Message storage is done with Cassandra, a highly-scalable key-value store with excellent support for time-series data.

Hastur supports RESTful querying of data using the retrieval service.

Components

  • Hastur Agent - a daemon that runs on individual monitored boxes. The agent is often installed via a Debian package with a self-contained Ruby installation to avoid system dependencies.

  • Hastur Core - a server daemon that receives messages and writes them to Cassandra.

  • Hastur Retrieval service - a REST server to retrieve batches of messages from Cassandra and return them as JSON. This also retrieves hostname data, UUID messages sources and message names to allow exploration of who is sending what data.

API Documentation

All components of Hastur use YARD for basic documentation.
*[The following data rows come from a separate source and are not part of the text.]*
(* Let $D$ be an integral domain and let $S$ be a splitting multiplicative subset of $D$ generated by prime elements. Then $D$ is a completely atomic domain (resp., a RIDF-domain, a U-FFD) if and only if $D_S$ is a completely atomic domain (resp., a RIDF-domain, a U-FFD).
   Context: A multiplicative subset $S$ of $D$ is generated by primes if $S=\{u p_1\cdots p_n: u\in U(D),\ p_i\in P,\ n\ge0\}$ for some set $P$ of prime elements of $D$. A saturated multiplicative subset $S$ of $D$ is splitting if each $x\in D$ can be written as $x=as$ with $a\in D$, $s\in S$, such that $aD\cap tD=atD$ for all $t\in S$. An atom (irreducible element) is a nonzero nonunit $a$ such that $a=bc$ implies $b$ or $c$ is a unit; a nonzero nonunit is atomic if it is a finite product of atoms. A domain is completely atomic if every nonunit divisor of an atomic element is atomic. A domain is a RIDF-domain if every atomic element has only finitely many pairwise nonassociate irreducible divisors. A domain is a U-FFD if every atomic element has only finitely many factorizations into irreducibles (up to order and associates). *)

theory Defs
  imports "HOL-Computational_Algebra.Fraction_Field"
    "HOL-Library.Multiset"
begin

section \<open>Multiplicative subsets of an integral domain D (D = UNIV of type 'a::idom)\<close>

definition saturated_mult_subset :: "'a::idom set \<Rightarrow> bool" where
  "saturated_mult_subset S \<longleftrightarrow> 1 \<in> S \<and> 0 \<notin> S \<and>
     (\<forall>a b. a * b \<in> S \<longleftrightarrow> a \<in> S \<and> b \<in> S)"

text \<open>Prime element of D (the same as the library's prime_elem, which requires a
  stronger type class than idom).\<close>
definition prime_element :: "'a::idom \<Rightarrow> bool" where
  "prime_element p \<longleftrightarrow> p \<noteq> 0 \<and> \<not> p dvd 1 \<and> (\<forall>a b. p dvd (a * b) \<longrightarrow> p dvd a \<or> p dvd b)"

definition generated_by_primes :: "'a::idom set \<Rightarrow> bool" where
  "generated_by_primes S \<longleftrightarrow> (\<exists>P. (\<forall>p\<in>P. prime_element p) \<and>
     S = {u * prod_list ps | u ps. u dvd 1 \<and> set ps \<subseteq> P})"

definition principal_ideal :: "'a::idom \<Rightarrow> 'a set" where
  "principal_ideal x = {x * d | d. True}"

definition splitting_set :: "'a::idom set \<Rightarrow> bool" where
  "splitting_set S \<longleftrightarrow> saturated_mult_subset S \<and>
     (\<forall>x. \<exists>a s. s \<in> S \<and> x = a * s \<and>
        (\<forall>t\<in>S. principal_ideal a \<inter> principal_ideal t = principal_ideal (a * t)))"

text \<open>The localization D_S, realised as a subring of the quotient field of D.\<close>
definition localization :: "'a::idom set \<Rightarrow> 'a fract set" where
  "localization S = {Fract a s | a s. s \<in> S}"

definition unit_in :: "'b::comm_ring_1 set \<Rightarrow> 'b \<Rightarrow> bool" where
  "unit_in R u \<longleftrightarrow> u \<in> R \<and> (\<exists>v\<in>R. u * v = 1)"

definition dvd_in :: "'b::comm_ring_1 set \<Rightarrow> 'b \<Rightarrow> 'b \<Rightarrow> bool" where
  "dvd_in R a b \<longleftrightarrow> a \<in> R \<and> b \<in> R \<and> (\<exists>c\<in>R. b = a * c)"

definition assoc_in :: "'b::comm_ring_1 set \<Rightarrow> 'b \<Rightarrow> 'b \<Rightarrow> bool" where
  "assoc_in R a b \<longleftrightarrow> dvd_in R a b \<and> dvd_in R b a"

definition atom_in :: "'b::comm_ring_1 set \<Rightarrow> 'b \<Rightarrow> bool" where
  "atom_in R a \<longleftrightarrow> a \<in> R \<and> a \<noteq> 0 \<and> \<not> unit_in R a \<and>
     (\<forall>b\<in>R. \<forall>c\<in>R. a = b * c \<longrightarrow> unit_in R b \<or> unit_in R c)"

definition atomic_in :: "'b::comm_ring_1 set \<Rightarrow> 'b \<Rightarrow> bool" where
  "atomic_in R x \<longleftrightarrow> x \<in> R \<and> x \<noteq> 0 \<and> \<not> unit_in R x \<and>
     (\<exists>as. as \<noteq> [] \<and> (\<forall>a\<in>set as. atom_in R a) \<and> x = prod_list as)"

definition completely_atomic :: "'b::comm_ring_1 set \<Rightarrow> bool" where
  "completely_atomic R \<longleftrightarrow> (\<forall>x y. atomic_in R x \<and> dvd_in R y x \<and> \<not> unit_in R y
      \<longrightarrow> atomic_in R y)"

text \<open>RIDF: every atomic element has only finitely many pairwise nonassociate
  irreducible divisors, i.e. its irreducible divisors fall into finitely many
  associate classes.\<close>
definition RIDF :: "'b::comm_ring_1 set \<Rightarrow> bool" where
  "RIDF R \<longleftrightarrow> (\<forall>x. atomic_in R x \<longrightarrow>
     finite {{b. assoc_in R a b} | a. atom_in R a \<and> dvd_in R a x})"

definition factorizations_in :: "'b::comm_ring_1 set \<Rightarrow> 'b \<Rightarrow> 'b list set" where
  "factorizations_in R x = {as. as \<noteq> [] \<and> (\<forall>a\<in>set as. atom_in R a) \<and> x = prod_list as}"

definition fact_equiv :: "'b::comm_ring_1 set \<Rightarrow> 'b list \<Rightarrow> 'b list \<Rightarrow> bool" where
  "fact_equiv R as bs \<longleftrightarrow> (\<exists>as'. mset as' = mset as \<and> list_all2 (assoc_in R) as' bs)"

definition UFFD :: "'b::comm_ring_1 set \<Rightarrow> bool" where
  "UFFD R \<longleftrightarrow> (\<forall>x. atomic_in R x \<longrightarrow>
     (\<exists>F. finite F \<and> F \<subseteq> factorizations_in R x \<and>
        (\<forall>as\<in>factorizations_in R x. \<exists>bs\<in>F. fact_equiv R as bs)))"

end

theory Submission
  imports Defs "HOL-Computational_Algebra.Polynomial_Factorial"
begin

text \<open>
  Every nonzero x in D factors as x = a s with s in S and a prime to S (no nonunit of S divides
  a), uniquely up to units; this is where the splitting property enters. As S is generated by
  primes, s is a product of primes, the atoms of D are the primes dividing elements of S together
  with the atoms prime to S, and a factorization of x is a factorization of a (up to a unit)
  followed by the essentially unique prime factorization of s. On the other side, every nonzero
  element of D_S is associated to some a/1 with a prime to S, and a \<mapsto> a/1 reflects divisibility
  between elements prime to S. Hence it matches the atoms, associate classes and factorizations of
  a in D with those of a/1 in D_S, and each of the three properties transfers in both directions
  between D and D_S.
\<close>

lemma prod_list_remove1:
  fixes qs :: "'a::comm_monoid_mult list"
  shows "q \<in> set qs \<Longrightarrow> prod_list qs = q * prod_list (remove1 q qs)"
  by (induction qs) (auto simp: mult_ac)

lemma prod_list_filter_split:
  fixes xs :: "'a::comm_monoid_mult list"
  shows "prod_list xs = prod_list (filter Q xs) * prod_list (filter (\<lambda>x. \<not> Q x) xs)"
  by (induction xs) (simp_all add: mult_ac)

lemma to_fract_prod_list: "to_fract (prod_list xs) = prod_list (map to_fract xs)"
  by (induction xs) simp_all

lemma unit_mult_dvd_iff:
  fixes u :: "'a::comm_semiring_1"
  assumes "u dvd 1"
  shows "u * b dvd c \<longleftrightarrow> b dvd c"
proof
  assume "b dvd c"
  obtain v where "1 = u * v"
    using assms by (rule dvdE)
  then have "u * b dvd b"
    by (metis dvdI mult.commute mult.left_commute mult_1)
  then show "u * b dvd c"
    using \<open>b dvd c\<close> by (rule dvd_trans)
qed (rule dvd_mult_right)

lemma dvd_antisym_unit_factor:
  fixes a b :: "'a::idom"
  assumes "a dvd b" "b dvd a" "a \<noteq> 0"
  obtains k where "k dvd 1" "b = a * k"
proof -
  obtain c where c: "b = a * c"
    using assms(1) by (rule dvdE)
  obtain d where d: "a = b * d"
    using assms(2) by (rule dvdE)
  have "a * (c * d) = a * 1"
    using c d by (metis mult.assoc mult_1_right)
  then have "c * d = 1"
    using assms(3) mult_left_cancel by blast
  then have "c dvd 1"
    by (metis dvd_triv_left)
  then show ?thesis
    using that c by blast
qed

lemma prime_elementD:
  assumes "prime_element p"
  shows "p \<noteq> 0" "\<not> p dvd 1" "p dvd a * b \<Longrightarrow> p dvd a \<or> p dvd b"
  using assms unfolding prime_element_def by blast+

lemma prime_element_mult_unit:
  fixes p :: "'a::idom"
  assumes p: "prime_element p" and w: "w dvd 1"
  shows "prime_element (p * w)"
proof -
  have dvd_iff: "p * w dvd x \<longleftrightarrow> p dvd x" for x
    using unit_mult_dvd_iff[OF w, of p x] by (simp add: mult.commute)
  have "w \<noteq> 0"
    using w by auto
  then show ?thesis
    using p unfolding prime_element_def dvd_iff by simp
qed

lemma prime_element_dvd_prod_list:
  assumes "prime_element p" "p dvd prod_list xs"
  shows "\<exists>x\<in>set xs. p dvd x"
  using assms(2) by (induction xs) (use assms(1) in \<open>auto simp: prime_element_def\<close>)

section \<open>Factorization relative to a multiplicatively closed set\<close>

definition mult_closed :: "'b::comm_ring_1 set \<Rightarrow> bool" where
  "mult_closed R \<longleftrightarrow> 1 \<in> R \<and> (\<forall>x\<in>R. \<forall>y\<in>R. x * y \<in> R)"

lemma mult_closedD: "mult_closed R \<Longrightarrow> x \<in> R \<Longrightarrow> y \<in> R \<Longrightarrow> x * y \<in> R"
  by (simp add: mult_closed_def)

lemma mult_closed_UNIV [simp]: "mult_closed UNIV"
  by (simp add: mult_closed_def)

lemma in_UNIV_simps [simp]:
  "unit_in UNIV u \<longleftrightarrow> u dvd 1"
  "dvd_in UNIV a b \<longleftrightarrow> a dvd b"
  "assoc_in UNIV a b \<longleftrightarrow> a dvd b \<and> b dvd a"
  unfolding unit_in_def dvd_in_def assoc_in_def by (auto simp: dvd_def)

lemma atom_in_UNIV_iff:
  "atom_in UNIV a \<longleftrightarrow> a \<noteq> 0 \<and> \<not> a dvd 1 \<and> (\<forall>b c. a = b * c \<longrightarrow> b dvd 1 \<or> c dvd 1)"
  by (auto simp: atom_in_def)

lemma unit_in_mem: "unit_in R u \<Longrightarrow> u \<in> R"
  by (simp add: unit_in_def)

lemma unit_in_inverseE:
  assumes "unit_in R u"
  obtains v where "unit_in R v" "u * v = 1"
  using assms unfolding unit_in_def by (metis mult.commute)

lemma assoc_in_mem: "assoc_in R a b \<Longrightarrow> a \<in> R \<and> b \<in> R"
  by (simp add: assoc_in_def dvd_in_def)

lemma assoc_in_sym: "assoc_in R a b \<Longrightarrow> assoc_in R b a"
  unfolding assoc_in_def by blast

lemma factorizations_in_subset: "as \<in> factorizations_in R x \<Longrightarrow> set as \<subseteq> R"
  by (auto simp: factorizations_in_def atom_in_def)

definition assoc_class :: "'b::comm_ring_1 set \<Rightarrow> 'b \<Rightarrow> 'b set" where
  "assoc_class R a = {b. assoc_in R a b}"

definition factorization_type :: "'b::comm_ring_1 set \<Rightarrow> 'b list \<Rightarrow> 'b set multiset" where
  "factorization_type R as = mset (map (assoc_class R) as)"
Install YARD via "gem install yardoc redcarpet" and then type "yardoc" to generate HTML documentation in doc/index.html.

Architecture

Individual hosts are assigned a UUID identifier and run an agent daemon. The agent opens a UDP port (normally 8125) for local use. The agent sends back system information always, and also forwards Hastur messages from individual Hastur-enabled applications.

The agent forwards messages to the Core servers, which then write to Cassandra for later retrieval.

Using ZeroMQ and/or Cassandra, each component other than the agent can have as many copies as desired for availability and/or fault tolerance. The agent isn't duplicated because, fundamentally, Hastur cannot provide fault tolerance at the single-host level. That must be done by the application(s), if at all.

Development

Install ZeroMQ 2.x Install Cassandra 1.1

Also, bundle install from the root directory. Look at the integration tests under tests/integration.

Debugging Tips

If you're not sure if data is coming in on the UDP port, the first thing to check after logs is tcpdump on localhost. This is generally safe to run during production, just don't leave it running for a long time.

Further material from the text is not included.